lemma orthogonal_projector_complement:
  "orthogonal_projector P \<Longrightarrow> orthogonal_projector (mat 1 - P)"
  by (simp add: orthogonal_projector_def cadjoint_diff matrix_diff_ldistrib matrix_diff_rdistrib)

lemma orthogonal_projector_mult_pinv: "orthogonal_projector (A ** pinv A)"
  by (simp add: orthogonal_projector_def cadjoint_mult_pinv mult_pinv_mult matrix_mul_assoc)

lemma orthogonal_projector_pinv_mult: "orthogonal_projector (pinv A ** A)"
  by (simp add: orthogonal_projector_def cadjoint_pinv_mult pinv_mult_pinv matrix_mul_assoc)

lemma orthogonal_projector_mult_complement:
  assumes "orthogonal_projector P"
  shows "P ** (mat 1 - P) = 0" and "(mat 1 - P) ** P = 0"
  using assms by (simp_all add: orthogonal_projector_def matrix_diff_ldistrib matrix_diff_rdistrib)

lemma inner_eq_0_selfadjoint_left:
  assumes "cadjoint P = P" and "P ** X = X" and "P ** Y = 0"
  shows "inner X Y = 0"
  by (metis assms inner_matrix_mult_left inner_zero_right)

lemma inner_eq_0_selfadjoint_right:
  assumes "cadjoint P = P" and "X ** P = X" and "Y ** P = 0"
  shows "inner X Y = 0"
  by (metis assms inner_matrix_mult_right inner_zero_right)

lemma power2_norm_complement_projector_left:
  assumes P: "orthogonal_projector P"
  shows "(norm ((mat 1 - P) ** Y))\<^sup>2 = (norm Y)\<^sup>2 - (norm (P ** Y))\<^sup>2"
proof -
  have "inner (P ** Y) ((mat 1 - P) ** Y) = 0"
    using P orthogonal_projector_mult_complement[OF P]
    by (intro inner_eq_0_selfadjoint_left[of P]) (simp_all add: orthogonal_projector_def matrix_mul_assoc)
  moreover have "Y = P ** Y + (mat 1 - P) ** Y"
    by (simp add: matrix_diff_rdistrib)
  ultimately have "(norm Y)\<^sup>2 = (norm (P ** Y))\<^sup>2 + (norm ((mat 1 - P) ** Y))\<^sup>2"
    by (metis norm_add_Pythagorean orthogonal_def)
  then show ?thesis
    by simp
qed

==============================

• **Work instruction**: Once more, write out all the data above exactly as given.

• **Completed exercise**:
lemma orthogonal_projector_complement:
  "orthogonal_projector P \<Longrightarrow> orthogonal_projector (mat 1 - P)"
  by (simp add: orthogonal_projector_def cadjoint_diff matrix_diff_ldistrib matrix_diff_rdistrib)

lemma orthogonal_projector_mult_pinv: "orthogonal_projector (A ** pinv A)"
  by (simp add: orthogonal_projector_def cadjoint_mult_pinv mult_pinv_mult matrix_mul_assoc)

lemma orthogonal_projector_pinv_mult: "orthogonal_projector (pinv A ** A)"
  by (simp add: orthogonal_projector_def cadjoint_pinv_mult pinv_mult_pinv matrix_mul_assoc)

lemma orthogonal_projector_mult_complement:
  assumes "orthogonal_projector P"
  shows "P ** (mat 1 - P) = 0" and "(mat 1 - P) ** P = 0"
  using assms by (simp_all add: orthogonal_projector_def matrix_diff_ldistrib matrix_diff_rdistrib)

lemma inner_eq_0_selfadjoint_left:
  assumes "cadjoint P = P" and "P ** X = X" and "P ** Y = 0"
  shows "inner X Y = 0"
  by (metis assms inner_matrix_mult_left inner_zero_right)

lemma inner_eq_0_selfadjoint_right:
  assumes "cadjoint P = P" and "X ** P = X" and "Y ** P = 0"
  shows "inner X Y = 0"
  by (metis assms inner_matrix_mult_right inner_zero_right)

lemma power2_norm_complement_projector_left:
  assumes P: "orthogonal_projector P"
  shows "(norm ((mat 1 - P) ** Y))\<^sup>2 = (norm Y)\<^sup>2 - (norm (P ** Y))\<^sup>2"
proof -
  have "inner (P ** Y) ((mat 1 - P) ** Y) = 0"
    using P orthogonal_projector_mult_complement[OF P]
    by (intro inner_eq_0_selfadjoint_left[of P]) (simp_all add: orthogonal_projector_def matrix_mul_assoc)
  moreover have "Y = P ** Y + (mat 1 - P) ** Y"
    by (simp add: matrix_diff_rdistrib)
  ultimately have "(norm Y)\<^sup>2 = (norm (P ** Y))\<^sup>2 + (norm ((mat 1 - P) ** Y))\<^sup>2"
    by (metis norm_add_Pythagorean orthogonal_def)
  then show ?thesis
    by simp
qed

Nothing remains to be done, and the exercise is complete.